This would result in identification like the following: Dillo/0.8 (Linux i386)
The problem with these is when there are security holes in image rendering libraries (eg, versions of Netscape with custom handlers for extended information in GIF files). If you state the system architecture then it's relatively trivial to use the User-Agent field on the server-side to select the image with the correct shell-code to exploit your system. If you say "FreeBSD" or "Linux" then you're stating which system calls are where. All of which helps a malicious web-site operator target their exploit to your browser. As you note, Konqueror lets you configure the amount of information available without a source-patch. I'm one of those who reduces the information to the minimum -- I'm happy supplying something saying "Konqueror" or "Dillo" and don't get upset at the version being present. I like to turn it off though -- this is one of the things which I like about Dillo -- it's so fast to compile that trivial local hacks like this become feasible. I don't supply patches for stuff that removes things that the developers like because it's their baby, but open source means I get to run stuff how I like it; everyone gets what they want (as long as they can make trivial hacks) so everyone's happy. Since I patch anyway, it makes no difference to me -- I'd just remove the extra information. But I do think that people should think about how easy it is to target shell-code exploits with this sort of information given away. -- 2001: Blogging invented. Promises to change the way people bore strangers with banal anecdotes about their pets. <http://www.thelemon.net/issues/timeline.php>
At 06:15 AM 7/9/2003, Phil Pennock wrote:
The problem with these is when there are security holes in image rendering libraries (eg, versions of Netscape with custom handlers for extended information in GIF files). If you state the system architecture then it's relatively trivial to use the User-Agent field on the server-side to select the image with the correct shell-code to exploit your system.
Hmm, I hadn't thought of that one. There are a couple of discussions linked to from the Mozilla page I mentioned, but they're mainly focused on things like revealing the OS version to make follow-up hacking attempts easier. However, it seems to me that it would be just as trivial to put several malicious images on a single page, each targeting a different system. It's not as if multiple images on a page - or even multiple broken images - would raise much suspicion.

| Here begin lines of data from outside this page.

(* Let $G$ be a $k$-group and $A$ a continuous $G$-module (in the $k$-sense). Then the row augmentation $j_{h,k}^*\colon C_{lc,k}^*(G,A)\hookrightarrow\mathrm{Tot}\,A_{lc,k}^{*,*}(G,A)^G$ induces an isomorphism in cohomology.
   Context: For a topological space $X$, $\mathrm{k}X$ denotes its $k$-ification; products of $k$-spaces are taken as $\mathrm{k}(X\times Y)$ and denoted $\times_k$. A $k$-group is a group $G$ with a topology such that multiplication is continuous on $\mathrm{k}(G\times G)$; a continuous $G$-module here is an abelian topological group $A$ with an action of $G$ by automorphisms continuous on $\mathrm{k}(G\times A)$. For an identity neighbourhood $U$ put $\Gamma_U^0:=G$ and, for $q\ge1$, $\Gamma_U^q:=\{(g_0,\dots,g_q)\in G^{q+1}\mid g_i^{-1}g_j\in U\ \forall i,j\}$. $G$ acts on maps $f\colon G^{n+1}\to A$ by $(g.f)(g_0,\dots,g_n)=g.f(g^{-1}g_0,\dots,g^{-1}g_n)$, with differential $df(g_0,\dots,g_{n+1})=\sum_i(-1)^if(g_0,\dots,\widehat{g_i},\dots,g_{n+1})$. $C_{lc,k}^n(G,A)$ is the complex of $G$-equivariant maps $f\colon G^{n+1}\to A$ such that for some identity neighbourhood $U$ the restriction to $\mathrm{k}\Gamma_U^n$ is continuous. $A_{lc,k}^{p,q}(G,A)$ is the group of maps $f\colon G^{p+1}\times G^{q+1}\to A$ such that for some identity neighbourhood $U$ the restriction to $\mathrm{k}G^{p+1}\times_k\mathrm{k}\Gamma_U^q$ is continuous, with $d_hf(x_0,\dots,x_{p+1},\vec y)=\sum_i(-1)^if(x_0,\dots,\widehat{x_i},\dots,x_{p+1},\vec y)$ and $d_vf(\vec x,y_0,\dots,y_{q+1})=(-1)^p\sum_i(-1)^if(\vec x,y_0,\dots,\widehat{y_i},\dots,y_{q+1})$. $G$ acts by $(g.f)(\vec x,\vec y)=g.f(g^{-1}\vec x,g^{-1}\vec y)$; $\mathrm{Tot}\,A_{lc,k}^{*,*}(G,A)^G$ is the total complex of the fixed-point double complex (differential $d_h+d_v$), and $j_{h,k}(f)(x_0,\vec y)=f(\vec y)$. *)

theory Defs
  imports "HOL-Analysis.Analysis" "HOL-Algebra.Group" "HOL-Library.Function_Algebras"
begin

definition kify :: "'a topology \<Rightarrow> 'a topology" where
  "kify X = topology (\<lambda>U. U \<subseteq> topspace X \<and>
      (\<forall>K. compactin X K \<longrightarrow> openin (subtopology X K) (K \<inter> U)))"

lemma istopology_kify:
  "istopology (\<lambda>U. U \<subseteq> topspace X \<and>
      (\<forall>K. compactin X K \<longrightarrow> openin (subtopology X K) (K \<inter> U)))"
  unfolding istopology_def
proof (rule conjI; intro allI impI)
  fix S T assume a: "S \<subseteq> topspace X \<and> (\<forall>K. compactin X K \<longrightarrow> openin (subtopology X K) (K \<inter> S))"
    "T \<subseteq> topspace X \<and> (\<forall>K. compactin X K \<longrightarrow> openin (subtopology X K) (K \<inter> T))"
  show "S \<inter> T \<subseteq> topspace X \<and> (\<forall>K. compactin X K \<longrightarrow> openin (subtopology X K) (K \<inter> (S \<inter> T)))"
  proof (intro conjI allI impI)
    show "S \<inter> T \<subseteq> topspace X" using a by blast
    fix K assume "compactin X K"
    then have "openin (subtopology X K) ((K \<inter> S) \<inter> (K \<inter> T))" using a by blast
    moreover have "(K \<inter> S) \<inter> (K \<inter> T) = K \<inter> (S \<inter> T)" by blast
    ultimately show "openin (subtopology X K) (K \<inter> (S \<inter> T))" by simp
  qed
next
  fix \<K> assume a: "\<forall>U\<in>\<K>. U \<subseteq> topspace X \<and> (\<forall>K. compactin X K \<longrightarrow> openin (subtopology X K) (K \<inter> U))"
  show "\<Union>\<K> \<subseteq> topspace X \<and> (\<forall>K. compactin X K \<longrightarrow> openin (subtopology X K) (K \<inter> \<Union>\<K>))"
  proof (intro conjI allI impI)
    show "\<Union>\<K> \<subseteq> topspace X" using a by blast
    fix K assume "compactin X K"
    then have "openin (subtopology X K) (\<Union>U\<in>\<K>. K \<inter> U)" using a by blast
    moreover have "(\<Union>U\<in>\<K>. K \<inter> U) = K \<inter> \<Union>\<K>" by blast
    ultimately show "openin (subtopology X K) (K \<inter> \<Union>\<K>)" by simp
  qed
qed

lemma openin_kify:
  "openin (kify X) U \<longleftrightarrow> U \<subseteq> topspace X \<and>
      (\<forall>K. compactin X K \<longrightarrow> openin (subtopology X K) (K \<inter> U))"
  unfolding kify_def by (simp add: istopology_kify)

definition kprod :: "'a topology \<Rightarrow> 'b topology \<Rightarrow> ('a \<times> 'b) topology" where
  "kprod X Y = kify (prod_topology X Y)"

definition k_group :: "('g, 'b) monoid_scheme \<Rightarrow> 'g topology \<Rightarrow> bool" where
  "k_group G T \<longleftrightarrow> group G \<and> topspace T = carrier G \<and>
     continuous_map (kprod T T) T (\<lambda>(g, h). g \<otimes>\<^bsub>G\<^esub> h)"

text \<open>Abelian topological group: the abelian group is the type 'a (all of it), with topology TA.\<close>
definition ab_top_group :: "('a::ab_group_add) topology \<Rightarrow> bool" where
  "ab_top_group TA \<longleftrightarrow> topspace TA = UNIV \<and>
     continuous_map (prod_topology TA TA) TA (\<lambda>(a, b). a + b) \<and>
     continuous_map TA TA uminus"

definition cont_G_module ::
  "('g, 'b) monoid_scheme \<Rightarrow> 'g topology \<Rightarrow> ('a::ab_group_add) topology \<Rightarrow> ('g \<Rightarrow> 'a \<Rightarrow> 'a) \<Rightarrow> bool" where
  "cont_G_module G T TA act \<longleftrightarrow> ab_top_group TA \<and>
     (\<forall>a. act \<one>\<^bsub>G\<^esub> a = a) \<and>
     (\<forall>g\<in>carrier G. \<forall>h\<in>carrier G. \<forall>a. act (g \<otimes>\<^bsub>G\<^esub> h) a = act g (act h a)) \<and>
     (\<forall>g\<in>carrier G. \<forall>a b. act g (a + b) = act g a + act g b) \<and>
     (\<forall>g\<in>carrier G. bij (act g)) \<and>
     continuous_map (kprod T TA) TA (\<lambda>(g, a). act g a)"

text \<open>G^{n+1} is represented by extensional functions {..n} \<rightarrow> carrier G.\<close>
definition tuples :: "('g, 'b) monoid_scheme \<Rightarrow> nat \<Rightarrow> (nat \<Rightarrow> 'g) set" where
  "tuples G n = {..n} \<rightarrow>\<^sub>E carrier G"

definition tuple_top :: "'g topology \<Rightarrow> nat \<Rightarrow> (nat \<Rightarrow> 'g) topology" where
  "tuple_top T n = product_topology (\<lambda>_. T) {..n}"

text \<open>Omit the i-th entry of an (n+1)-tuple (x_0,...,x_n), giving an n-tuple.\<close>
definition omit :: "nat \<Rightarrow> nat \<Rightarrow> (nat \<Rightarrow> 'g) \<Rightarrow> (nat \<Rightarrow> 'g)" where
  "omit n i x = (\<lambda>j. if j < n then (if j < i then x j else x (Suc j)) else undefined)"

definition ltrans :: "('g, 'b) monoid_scheme \<Rightarrow> nat \<Rightarrow> 'g \<Rightarrow> (nat \<Rightarrow> 'g) \<Rightarrow> (nat \<Rightarrow> 'g)" where
  "ltrans G n g x = restrict (\<lambda>j. g \<otimes>\<^bsub>G\<^esub> x j) {..n}"

definition identity_nbhd :: "('g, 'b) monoid_scheme \<Rightarrow> 'g topology \<Rightarrow> 'g set \<Rightarrow> bool" where
  "identity_nbhd G T U \<longleftrightarrow> U \<subseteq> carrier G \<and> (\<exists>V. openin T V \<and> \<one>\<^bsub>G\<^esub> \<in> V \<and> V \<subseteq> U)"

text \<open>\<Gamma>_U^q; for q = 0 this is all of G (as 1 \<in> U).\<close>
definition Gamma :: "('g, 'b) monoid_scheme \<Rightarrow> 'g set \<Rightarrow> nat \<Rightarrow> (nat \<Rightarrow> 'g) set" where
  "Gamma G U q = {x \<in> tuples G q. \<forall>i\<le>q. \<forall>j\<le>q. inv\<^bsub>G\<^esub> (x i) \<otimes>\<^bsub>G\<^esub> x j \<in> U}"

definition sgn_sum :: "nat \<Rightarrow> (nat \<Rightarrow> 'a::ab_group_add) \<Rightarrow> 'a" where
  "sgn_sum m t = (\<Sum>i\<le>m. (if even i then t i else - t i))"

definition C_lck ::
  "('g, 'b) monoid_scheme \<Rightarrow> 'g topology \<Rightarrow> ('a::ab_group_add) topology \<Rightarrow> ('g \<Rightarrow> 'a \<Rightarrow> 'a)
   \<Rightarrow> nat \<Rightarrow> ((nat \<Rightarrow> 'g) \<Rightarrow> 'a) set" where
  "C_lck G T TA act n = {f.
     (\<forall>x. x \<notin> tuples G n \<longrightarrow> f x = 0) \<and>
     (\<forall>g\<in>carrier G. \<forall>x\<in>tuples G n. act g (f (ltrans G n (inv\<^bsub>G\<^esub> g) x)) = f x) \<and>
     (\<exists>U. identity_nbhd G T U \<and>
        continuous_map (kify (subtopology (tuple_top T n) (Gamma G U n))) TA f)}"

definition d_C :: "('g, 'b) monoid_scheme \<Rightarrow> nat \<Rightarrow> ((nat \<Rightarrow> 'g) \<Rightarrow> 'a::ab_group_add) \<Rightarrow> ((nat \<Rightarrow> 'g) \<Rightarrow> 'a)" where
  "d_C G n f = (\<lambda>x. if x \<in> tuples G (Suc n) then sgn_sum (Suc n) (\<lambda>i. f (omit (Suc n) i x)) else 0)"

definition A_lck ::
  "('g, 'b) monoid_scheme \<Rightarrow> 'g topology \<Rightarrow> ('a::ab_group_add) topology
   \<Rightarrow> nat \<Rightarrow> nat \<Rightarrow> ((nat \<Rightarrow> 'g) \<Rightarrow> (nat \<Rightarrow> 'g) \<Rightarrow> 'a) set" where
  "A_lck G T TA p q = {f.
     (\<forall>x y. \<not> (x \<in> tuples G p \<and> y \<in> tuples G q) \<longrightarrow> f x y = 0) \<and>
     (\<exists>U. identity_nbhd G T U \<and>
        continuous_map (kprod (kify (tuple_top T p)) (kify (subtopology (tuple_top T q) (Gamma G U q))))
          TA (\<lambda>(x, y). f x y))}"

definition A_lck_fixed ::
  "('g, 'b) monoid_scheme \<Rightarrow> 'g topology \<Rightarrow> ('a::ab_group_add) topology \<Rightarrow> ('g \<Rightarrow> 'a \<Rightarrow> 'a)
   \<Rightarrow> nat \<Rightarrow> nat \<Rightarrow> ((nat \<Rightarrow> 'g) \<Rightarrow> (nat \<Rightarrow> 'g) \<Rightarrow> 'a) set" where
  "A_lck_fixed G T TA act p q = {f \<in> A_lck G T TA p q.
     \<forall>g\<in>carrier G. \<forall>x\<in>tuples G p. \<forall>y\<in>tuples G q.
        act g (f (ltrans G p (inv\<^bsub>G\<^esub> g) x) (ltrans G q (inv\<^bsub>G\<^esub> g) y)) = f x y}"

definition d_h :: "('g, 'b) monoid_scheme \<Rightarrow> nat \<Rightarrow> nat
   \<Rightarrow> ((nat \<Rightarrow> 'g) \<Rightarrow> (nat \<Rightarrow> 'g) \<Rightarrow> 'a::ab_group_add) \<Rightarrow> ((nat \<Rightarrow> 'g) \<Rightarrow> (nat \<Rightarrow> 'g) \<Rightarrow> 'a)" where
  "d_h G p q f = (\<lambda>x y. if x \<in> tuples G (Suc p) \<and> y \<in> tuples G q
      then sgn_sum (Suc p) (\<lambda>i. f (omit (Suc p) i x) y) else 0)"

definition d_v :: "('g, 'b) monoid_scheme \<Rightarrow> nat \<Rightarrow> nat
   \<Rightarrow> ((nat \<Rightarrow> 'g) \<Rightarrow> (nat \<Rightarrow> 'g) \<Rightarrow> 'a::ab_group_add) \<Rightarrow> ((nat \<Rightarrow> 'g) \<Rightarrow> (nat \<Rightarrow> 'g) \<Rightarrow> 'a)" where
  "d_v G p q f = (\<lambda>x y. if x \<in> tuples G p \<and> y \<in> tuples G (Suc q)
      then (if even p then id else uminus) (sgn_sum (Suc q) (\<lambda>i. f x (omit (Suc q) i y))) else 0)"

text \<open>Tot^n = \<Oplus>_{p+q=n} A^{p,q}(G,A)^G, an element being the family of its components
  F p \<in> A^{p,n-p} (p \<le> n), with F p = 0 for p > n.\<close>
definition Tot ::
  "('g, 'b) monoid_scheme \<Rightarrow> 'g topology \<Rightarrow> ('a::ab_group_add) topology \<Rightarrow> ('g \<Rightarrow> 'a \<Rightarrow> 'a)
   \<Rightarrow> nat \<Rightarrow> (nat \<Rightarrow> (nat \<Rightarrow> 'g) \<Rightarrow> (nat \<Rightarrow> 'g) \<Rightarrow> 'a) set" where
  "Tot G T TA act n = {F. (\<forall>p\<le>n. F p \<in> A_lck_fixed G T TA act p (n - p)) \<and> (\<forall>p>n. F p = 0)}"

definition d_Tot :: "('g, 'b) monoid_scheme \<Rightarrow> nat
   \<Rightarrow> (nat \<Rightarrow> (nat \<Rightarrow> 'g) \<Rightarrow> (nat \<Rightarrow> 'g) \<Rightarrow> 'a::ab_group_add) \<Rightarrow> (nat \<Rightarrow> (nat \<Rightarrow> 'g) \<Rightarrow> (nat \<Rightarrow> 'g) \<Rightarrow> 'a)" where
  "d_Tot G n F = (\<lambda>p. if p \<le> Suc n then
       (if 0 < p then d_h G (p - 1) (n - (p - 1)) (F (p - 1)) else 0)
     + (if p \<le> n then d_v G p (n - p) (F p) else 0)
     else 0)"

definition j_hk :: "('g, 'b) monoid_scheme \<Rightarrow> nat \<Rightarrow> ((nat \<Rightarrow> 'g) \<Rightarrow> 'a::ab_group_add)
   \<Rightarrow> (nat \<Rightarrow> (nat \<Rightarrow> 'g) \<Rightarrow> (nat \<Rightarrow> 'g) \<Rightarrow> 'a)" where
  "j_hk G n f = (\<lambda>p x y. if p = 0 \<and> x \<in> tuples G 0 \<and> y \<in> tuples G n then f y else 0)"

open source means I get to run stuff how I like it; everyone gets what they want (as long as they can make trivial hacks) so everyone's happy.
Agreed! Kelson Vibber www.hyperborea.org
On 2003-07-09 at 08:55 -0700, Kelson Vibber wrote:
However, it seems to me that it would be just as trivial to put several malicious images on a single page, each targeting a different system. It's not as if multiple images on a page - or even multiple broken images - would raise much suspicion.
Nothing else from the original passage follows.